Funding for the Antarctic blue ice research
6.11.2008 14:15
The Research Council for Natural Sciences and Engineering of the Academy of Finland has granted 370 000 euros for a four-year research project led by research professor John Moore. The project will explore the Antarctic blue ice regions.
Research professor John Moore and his research team have examined Antarctic blue ice regions nine years. They have, for example, collected a three kilometres long, horizontal sample from the ice surface at Scharffenbergbotnen blue ice zone in Queen Maud Land in Antarctica . The sample covers the period from the last Ice Age to the present day, more than 10 000 years.
– The last time the climate changed as fast as it is changing now, was at the end of the last Ice Age. From the chemical analysis of the samples it has been possible to understand how elements of the climate behaved at the end of the last Ice Age, and even why it behaved so, says John Moore, the joint research professor of the University of Lapland ’s Arctic Centre and the University of Oulu .
The new research project, which starts at the beginning of 2009, continues to examine the Scharffenbergbotnen blue ice region.

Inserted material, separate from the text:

(* Let $d\ge2$, $N\ge1$, and let $\Gamma$ be the graph obtained from the $d$-dimensional lattice $\mathbb L^d$ (vertex set $\mathbb Z^d$, edges $(m,m+a_s)$, $m\in\mathbb Z^d$, $s=1,\dots,d$, $a_s$ the standard basis) by inserting $N$ new vertices on every edge (subdividing each edge into a path of $N+1$ edges), with $\mathbb Z^d$ acting by translations. Then the fundamental graph $\Gamma_*$ has $\nu=dN+1$ vertices, and the spectrum of the normalized Laplacian $\Delta$ on $\Gamma$ is $\sigma(\Delta)=\sigma_{ac}(\Delta)\cup\sigma_{fb}(\Delta)$, where $\sigma_{ac}(\Delta)=[0,2]$ and the set of eigenvalues of infinite multiplicity is $$\sigma_{fb}(\Delta)=\Big\{1+\cos\frac{\pi n}{N+1}:\ n=1,\dots,N\Big\}.$$ Each of these degenerate bands has multiplicity $d-1$ and is embedded in the absolutely continuous spectrum.
   Context: Normalized Laplacian on a graph with vertex set $V$: each undirected edge gives two oriented edges, $\mathcal A$ is the set of oriented edges, $\varkappa_v$ the number of oriented edges starting at $v$, and $(\Delta f)(v)=f(v)-\sum_{(v,u)\in\mathcal A}\frac{f(u)}{\sqrt{\varkappa_v\varkappa_u}}$ on $\ell^2(V)$. For a $\mathbb Z^d$-periodic graph with finite quotient $\Gamma_*=(V_*,\mathcal E_* )$, fix a set $V_0$ of representatives of the vertex orbits forming the vertex set of a subtree, write $v=v_0+[v]$, define edge indices $\tau(u,v)=[v]-[u]$ on $\mathcal A_*=\mathcal A/\mathbb Z^d$, and for $\vartheta\in\mathbb T^d=\mathbb R^d/(2\pi\mathbb Z)^d$ set $(\Delta(\vartheta)f)(v)=f(v)-\sum_{\mathbf e=(v,u)\in\mathcal A_*}\frac{e^{i\langle\tau(\mathbf e),\vartheta\rangle}}{\sqrt{\varkappa_v\varkappa_u}}f(u)$ on $\ell^2(V_* )$; $\Delta$ is unitarily equivalent to the direct integral of $\Delta(\vartheta)$, and $\sigma(\Delta)$ is the union of the bands $\lambda^0_n(\mathbb T^d)$ where $\lambda^0_n(\vartheta)$ are the ordered eigenvalues of $\Delta(\vartheta)$. A degenerate band $\{\lambda_*\}$ is an eigenvalue of $\Delta$ of infinite multiplicity; its multiplicity is the multiplicity of $\lambda_*$ as an eigenvalue of $\Delta(\vartheta)$ for a.e. $\vartheta$. $\sigma_{ac}(\Delta)$ denotes the absolutely continuous spectrum (union of nondegenerate bands), $\sigma_{fb}(\Delta)$ the set of eigenvalues of infinite multiplicity. *)

theory Defs
  imports "HOL-Analysis.Analysis"
begin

– We will make models of how the region has changed over the last Ice Age to today. From the previous studies we know that that region of blue ice have grown at the same time as the continental glacier’s ice sheet has thinned by about a hundred metres. Now, we study in more detail how the change in the landscape affected the composition of the ice, Moore says.
The study will contribute to understanding the Earths climate.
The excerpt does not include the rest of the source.